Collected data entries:
lemma fle_add_right: "x \<preceq> y \<Longrightarrow> x + z \<preceq> y + z"
  using riesz unfolding fuzzy_riesz_space_def fuzzy_ordered_linear_space_def fle_def
  by (smt (verit))

lemma fle_scaleR: "x \<preceq> y \<Longrightarrow> 0 < c \<Longrightarrow> c *\<^sub>R x \<preceq> c *\<^sub>R y"
  using riesz unfolding fuzzy_riesz_space_def fuzzy_ordered_linear_space_def fle_def
  by (smt (verit))

lemma is_fsup_unique: "is_fsup \<mu> A s \<Longrightarrow> is_fsup \<mu> A t \<Longrightarrow> s = t"
  unfolding is_fsup_def by (blast intro: fle_antisym)

lemma fsup_eq: "is_fsup \<mu> A s \<Longrightarrow> fsup \<mu> A = s"
  unfolding fsup_def using is_fsup_unique by blast

lemma is_fsup_join: "is_fsup \<mu> {x, y} (join x y)"
  using riesz fsup_eq unfolding fuzzy_riesz_space_def join_def by metis

lemma is_finf_meet: "is_finf \<mu> {x, y} (meet x y)"
proof -
  obtain i where i: "is_finf \<mu> {x, y} i"
    using riesz unfolding fuzzy_riesz_space_def by blast
  moreover have "j = i" if "is_finf \<mu> {x, y} j" for j
    using i that unfolding is_finf_def by (blast intro: fle_antisym)
  ultimately show ?thesis
    unfolding meet_def by (rule theI)
qed

sublocale F: ordered_real_vector "(+)" 0 "(-)" uminus "(\<preceq>)" fuzzy_less scaleR
proof unfold_locales
  show "c + a \<preceq> c + b" if "a \<preceq> b" for a b c
    using fle_add_right[OF that, of c] by (simp only: add.commute)
  show "a *\<^sub>R x \<preceq> a *\<^sub>R y" if "x \<preceq> y" "0 \<le> a" for x y a
    using that fle_scaleR by (cases "a = 0") (auto simp: fle_refl)
  show "a *\<^sub>R x \<preceq> b *\<^sub>R x" if "a \<le> b" "0 \<preceq> x" for a b x
  proof (cases "a = b")
    case False
    then have "0 \<preceq> (b - a) *\<^sub>R x"
      using fle_scaleR[OF that(2), of "b - a"] that(1) by simp
    then show ?thesis
      using fle_add_right[of 0 "(b - a) *\<^sub>R x" "a *\<^sub>R x"] by (simp add: algebra_simps)
  qed (simp add: fle_refl)
qed (auto intro: fle_refl fle_trans fle_antisym)

sublocale F: lattice_ab_group_add_abs "fabs \<mu>" "(+)" 0 "(-)" uminus "(\<preceq>)" fuzzy_less meet join
proof unfold_locales
  show "meet x y \<preceq> x" "meet x y \<preceq> y" "x \<preceq> join x y" "y \<preceq> join x y" for x y
    using is_finf_meet[of x y] is_fsup_join[of x y]
    unfolding is_finf_def flb_def is_fsup_def fub_def by auto
  show "x \<preceq> meet y z" if "x \<preceq> y" "x \<preceq> z" for x y z
    using is_finf_meet[of y z] that unfolding is_finf_def flb_def by auto
  show "join y z \<preceq> x" if "y \<preceq> x" "z \<preceq> x" for x y z
    using is_fsup_join[of y z] that unfolding is_fsup_def fub_def by auto
  show "fabs \<mu> a = join a (- a)" for a
    by (simp add: fabs_def join_def)
qed

(* Otherwise x - meet y z is rewritten into a join, which blocks the order reasoning below. *)
declare F.diff_inf_eq_sup [simp del] F.diff_sup_eq_inf [simp del]

lemma is_fsupI:
  "(\<And>a. a \<in> A \<Longrightarrow> a \<preceq> s) \<Longrightarrow> (\<And>u. (\<And>a. a \<in> A \<Longrightarrow> a \<preceq> u) \<Longrightarrow> s \<preceq> u) \<Longrightarrow> is_fsup \<mu> A s"
  unfolding is_fsup_def fub_def by blast

lemma is_fsup_upper: "is_fsup \<mu> A s \<Longrightarrow> a \<in> A \<Longrightarrow> a \<preceq> s"
  unfolding is_fsup_def fub_def by blast

lemma is_fsup_least: "is_fsup \<mu> A s \<Longrightarrow> (\<And>a. a \<in> A \<Longrightarrow> a \<preceq> u) \<Longrightarrow> s \<preceq> u"
  unfolding is_fsup_def fub_def by blast

lemma is_fsup_empty: "is_fsup \<mu> {} s \<Longrightarrow> s = 0"
proof -
  assume "is_fsup \<mu> {} s"
  then have "s \<preceq> 0" and "s + 0 \<preceq> s + s"
    using is_fsup_least[of "{}" s 0] is_fsup_least[of "{}" s "s + s"] by auto
  then show "s = 0"
    by (meson F.add_le_cancel_left F.order_antisym)
qed

lemma is_fsup_translate: "is_fsup \<mu> A s \<Longrightarrow> is_fsup \<mu> ((\<lambda>x. x + z) ` A) (s + z)"
proof (rule is_fsupI)
  assume s: "is_fsup \<mu> A s"
  show "b \<preceq> s + z" if "b \<in> (\<lambda>x. x + z) ` A" for b
    using that is_fsup_upper[OF s] by auto
  show "s + z \<preceq> u" if ub: "\<And>b. b \<in> (\<lambda>x. x + z) ` A \<Longrightarrow> b \<preceq> u" for u
  proof -
    have "a \<preceq> u - z" if "a \<in> A" for a
      using ub[of "a + z"] that by (simp add: F.le_diff_eq)
    then have "s \<preceq> u - z"
      by (rule is_fsup_least[OF s])
    then show ?thesis
      by (simp add: F.le_diff_eq)
  qed
qed

lemma meet_add_nonneg_le: "0 \<preceq> p \<Longrightarrow> meet (p + q) e \<preceq> p + meet q e"
  unfolding F.add_inf_distrib_left by (simp add: F.inf_mono F.add_increasing)

lemma scaleR_nonneg: "0 \<le> c \<Longrightarrow> 0 \<preceq> x \<Longrightarrow> 0 \<preceq> c *\<^sub>R x"
  using F.scaleR_left_mono[of 0 x c] by simp

lemma disjoint_mono: "0 \<preceq> x \<Longrightarrow> 0 \<preceq> e \<Longrightarrow> x \<preceq> y \<Longrightarrow> meet y e = 0 \<Longrightarrow> meet x e = 0"
  by (metis F.inf_mono F.inf.cobounded2 F.le_inf_iff F.order_antisym F.order_refl)

lemma disjoint_add:
  assumes "0 \<preceq> x" "0 \<preceq> y" "0 \<preceq> e" "meet x e = 0" "meet y e = 0"
  shows "meet (x + y) e = 0"
proof (rule F.order_antisym)
  have "meet (x + y) e \<preceq> x"
    using meet_add_nonneg_le[OF assms(1), of y e] assms(5) by simp
  then show "meet (x + y) e \<preceq> 0"
    using assms(4) by (metis F.inf.cobounded2 F.le_inf_iff)
  show "0 \<preceq> meet (x + y) e"
    using assms(1-3) by (simp add: F.add_nonneg_nonneg)
qed

lemma disjoint_scaleR:
  assumes x: "0 \<preceq> x" and e: "0 \<preceq> e" and xe: "meet x e = 0" and c: "0 \<le> c"
  shows "meet (c *\<^sub>R x) e = 0"
proof -
  have nat: "meet (real n *\<^sub>R x) e = 0" for n
  proof (induction n)
    case (Suc n)
    then show ?case
      using disjoint_add[OF scaleR_nonneg[OF _ x] x e Suc xe]
      by (simp add: algebra_simps)
  qed (simp add: F.inf_absorb1 e)
  have "c *\<^sub>R x \<preceq> real (nat \<lceil>c\<rceil>) *\<^sub>R x"
    by (rule F.scaleR_right_mono[OF _ x]) linarith
  then show ?thesis
    using disjoint_mono[OF scaleR_nonneg[OF c x] e] nat by blast
qed

lemma meet_pprt_neg: "meet (F.pprt p) (F.pprt (- p)) = 0"
proof -
  have "F.pprt p = p - F.nprt p"
    by (metis F.prts add_diff_cancel)
  then have "meet (F.pprt p) (F.pprt (- p)) = meet (p - F.nprt p) (0 - F.nprt p)"
    by (simp add: F.pprt_neg)
  also have "\<dots> = F.nprt p - F.nprt p"
    unfolding diff_conv_add_uminus F.add_inf_distrib_right[symmetric] F.nprt_def ..
  finally show ?thesis
    by simp
qed

lemma add_le_if_disjoint: "meet x y = 0 \<Longrightarrow> x \<preceq> c \<Longrightarrow> y \<preceq> c \<Longrightarrow> x + y \<preceq> c"
  using F.add_eq_inf_sup[of x y] by simp

lemma fabs_scaleR_le: "fabs \<mu> (c *\<^sub>R x) \<preceq> \<bar>c\<bar> *\<^sub>R fabs \<mu> x"
proof (cases "0 \<le> c")
  case True
  then show ?thesis
    using F.scaleR_left_mono[OF F.abs_ge_self True] F.scaleR_left_mono[OF F.abs_ge_minus_self True]
    by (intro F.abs_leI) auto
next
  case False
  then have c: "0 \<le> - c" by simp
  have "(- c) *\<^sub>R (- x) \<preceq> (- c) *\<^sub>R fabs \<mu> x" "(- c) *\<^sub>R x \<preceq> (- c) *\<^sub>R fabs \<mu> x"
    using F.scaleR_left_mono[OF F.abs_ge_minus_self c] F.scaleR_left_mono[OF F.abs_ge_self c] by auto
  then show ?thesis
    using False by (intro F.abs_leI) auto
qed

lemma is_fsup_disjoint:
  assumes s: "is_fsup \<mu> X x" and "0 \<preceq> x" "0 \<preceq> e" and disj: "\<And>y. y \<in> X \<Longrightarrow> meet y e = 0"
  shows "meet x e = 0"
proof -
  have "y \<preceq> x - meet x e" if "y \<in> X" for y
  proof -
    have "0 \<preceq> x - y"
      using is_fsup_upper[OF s that] by simp
    from meet_add_nonneg_le[OF this, of y e] have "meet x e \<preceq> x - y"
      using disj[OF that] by simp
    then show ?thesis
      by (simp only: F.le_diff_eq add.commute)
  qed
  then have "x \<preceq> x - meet x e"
    by (rule is_fsup_least[OF s])
  then have "meet x e \<preceq> 0"
    by (simp only: F.le_diff_eq F.add_le_same_cancel1)
  then show ?thesis
    using assms(2,3) by (simp add: F.order_antisym)
qed

lemma fuzzy_ideal_subspace: "fuzzy_ideal \<mu> A \<Longrightarrow> subspace A"
  unfolding fuzzy_ideal_def by blast

lemma fuzzy_ideal_solid: "fuzzy_ideal \<mu> A \<Longrightarrow> y \<in> A \<Longrightarrow> fabs \<mu> x \<preceq> fabs \<mu> y \<Longrightarrow> x \<in> A"
  unfolding fuzzy_ideal_def by blast

lemma fuzzy_ideal_fabs: "fuzzy_ideal \<mu> A \<Longrightarrow> x \<in> A \<Longrightarrow> fabs \<mu> x \<in> A"
  by (erule fuzzy_ideal_solid) (auto intro: F.order_refl)

lemma fuzzy_ideal_join:
  assumes A: "fuzzy_ideal \<mu> A" and "x \<in> A" "y \<in> A"
  shows "join x y \<in> A"
proof -
  let ?t = "fabs \<mu> x + fabs \<mu> y"
  have "?t \<in> A"
    using assms by (simp add: fuzzy_ideal_fabs subspace_add[OF fuzzy_ideal_subspace[OF A]])
  moreover have "x \<preceq> ?t" "y \<preceq> ?t" "- x \<preceq> ?t"
    using F.add_increasing2[OF F.abs_ge_zero F.abs_ge_self] F.add_increasing[OF F.abs_ge_zero F.abs_ge_self]
      F.add_increasing2[OF F.abs_ge_zero F.abs_ge_minus_self] by blast+
  then have "fabs \<mu> (join x y) \<preceq> fabs \<mu> ?t"
    by (intro F.abs_leI) (auto intro: F.order_trans[OF F.inf_le1])
  ultimately show ?thesis
    by (rule fuzzy_ideal_solid[OF A])
qed

primrec partial_join :: "(nat \<Rightarrow> 'a) \<Rightarrow> nat \<Rightarrow> 'a" where
  "partial_join c 0 = c 0"
| "partial_join c (Suc n) = join (partial_join c n) (c (Suc n))"

lemma le_partial_join: "c n \<preceq> partial_join c n"
  by (cases n) simp_all

lemma is_fsup_partial_join:
  assumes s: "is_fsup \<mu> (range c) s"
  shows "is_fsup \<mu> (range (partial_join c)) s"
proof (rule is_fsupI)
  have "partial_join c n \<preceq> s" for n
    by (induction n) (simp_all add: is_fsup_upper[OF s])
  then show "a \<preceq> s" if "a \<in> range (partial_join c)" for a
    using that by blast
  show "s \<preceq> u" if "\<And>a. a \<in> range (partial_join c) \<Longrightarrow> a \<preceq> u" for u
  proof (rule is_fsup_least[OF s])
    fix a
    assume "a \<in> range c"
    then obtain n where "a = c n" by blast
    then show "a \<preceq> u"
      using F.order_trans[OF le_partial_join that[OF rangeI]] by simp
  qed
qed

lemma fuzzy_ideal_partial_join: "fuzzy_ideal \<mu> A \<Longrightarrow> range c \<subseteq> A \<Longrightarrow> partial_join c n \<in> A"
  by (induction n) (simp_all add: fuzzy_ideal_join range_subsetD)

lemma fuzzy_bandD: "fuzzy_band \<mu> A \<Longrightarrow> B \<subseteq> A \<Longrightarrow> is_fsup \<mu> B s \<Longrightarrow> s \<in> A"
  unfolding fuzzy_band_def by blast

lemma fuzzy_sigma_idealD:
  assumes "fuzzy_sigma_ideal \<mu> A" "\<And>n. 0 \<preceq> xs n" "range xs \<subseteq> A" "\<And>n. xs n \<preceq> xs (Suc n)"
    and "is_fsup \<mu> (range xs) x"
  shows "x \<in> A"
  using assms unfolding fuzzy_sigma_ideal_def by blast

lemma fuzzy_sigma_ideal_fsup_incseq:
  assumes A: "fuzzy_sigma_ideal \<mu> A" and y: "range y \<subseteq> A" and inc: "\<And>n. y n \<preceq> y (Suc n)"
    and s: "is_fsup \<mu> (range y) s"
  shows "s \<in> A"
proof -
  have sub: "subspace A"
    using A unfolding fuzzy_sigma_ideal_def by (blast intro: fuzzy_ideal_subspace)
  have "s - y 0 \<in> A"
  proof (rule fuzzy_sigma_idealD[OF A])
    have "y 0 \<preceq> y n" for n
      by (induction n) (simp_all add: F.order_trans[OF _ inc])
    then show "0 \<preceq> y n - y 0" for n
      by simp
    show "range (\<lambda>n. y n - y 0) \<subseteq> A"
      using y by (auto intro: subspace_diff[OF sub])
    show "y n - y 0 \<preceq> y (Suc n) - y 0" for n
      using inc by (simp add: F.diff_right_mono)
    have "range (\<lambda>n. y n - y 0) = (\<lambda>x. x + - y 0) ` range y"
      by auto
    then show "is_fsup \<mu> (range (\<lambda>n. y n - y 0)) (s - y 0)"
      using is_fsup_translate[OF s, of "- y 0"] by simp
  qed
  then show ?thesis
    using subspace_add[OF sub _ y[THEN range_subsetD, of 0]] by fastforce
qed

lemma fuzzy_sigma_ideal_countable_fsup:
  assumes A: "fuzzy_sigma_ideal \<mu> A" and "C \<subseteq> A" "countable C" and s: "is_fsup \<mu> C s"
  shows "s \<in> A"
proof (cases "C = {}")
  case True
  then show ?thesis
    using s is_fsup_empty A
    unfolding fuzzy_sigma_ideal_def by (auto dest: fuzzy_ideal_subspace subspace_0)
next
  case False
  define c where "c = from_nat_into C"
  have C: "C = range c"
    unfolding c_def using False assms(3) by simp
  show ?thesis
  proof (rule fuzzy_sigma_ideal_fsup_incseq[OF A])
    show "range (partial_join c) \<subseteq> A"
      using A assms(2) fuzzy_ideal_partial_join[of A c]
      unfolding C fuzzy_sigma_ideal_def by blast
    show "is_fsup \<mu> (range (partial_join c)) s"
      using s unfolding C by (rule is_fsup_partial_join)
  qed simp
qed

theorem fuzzy_band_if_countable_sup:
  assumes csp: "fuzzy_countable_sup \<mu>" and A: "fuzzy_sigma_ideal \<mu> A"
  shows "fuzzy_band \<mu> A"
  unfolding fuzzy_band_def
proof (intro conjI allI impI)
  show "fuzzy_ideal \<mu> A"
    using A unfolding fuzzy_sigma_ideal_def by blast
  fix B s
  assume B: "B \<subseteq> A \<and> is_fsup \<mu> B s"
  with csp obtain C where "C \<subseteq> B" "countable C" "is_fsup \<mu> C s"
    unfolding fuzzy_countable_sup_def by meson
  with B show "s \<in> A"
    by (meson fuzzy_sigma_ideal_countable_fsup[OF A] subset_trans)
qed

YOUR ASSIGNMENT ::
Every line above that holds the string "lambda" should be copied out.

ANSWER BELOW ::
lemma is_fsup_translate: "is_fsup \<mu> A s \<Longrightarrow> is_fsup \<mu> ((\<lambda>x. x + z) ` A) (s + z)"
  show "b \<preceq> s + z" if "b \<in> (\<lambda>x. x + z) ` A" for b
  show "s + z \<preceq> u" if ub: "\<And>b. b \<in> (\<lambda>x. x + z) ` A \<Longrightarrow> b \<preceq> u" for u
    show "range (\<lambda>n. y n - y 0) \<subseteq> A"
    have "range (\<lambda>n. y n - y 0) = (\<lambda>x. x + - y 0) ` range y"
    then show "is_fsup \<mu> (range (\<lambda>n. y n - y 0)) (s - y 0)"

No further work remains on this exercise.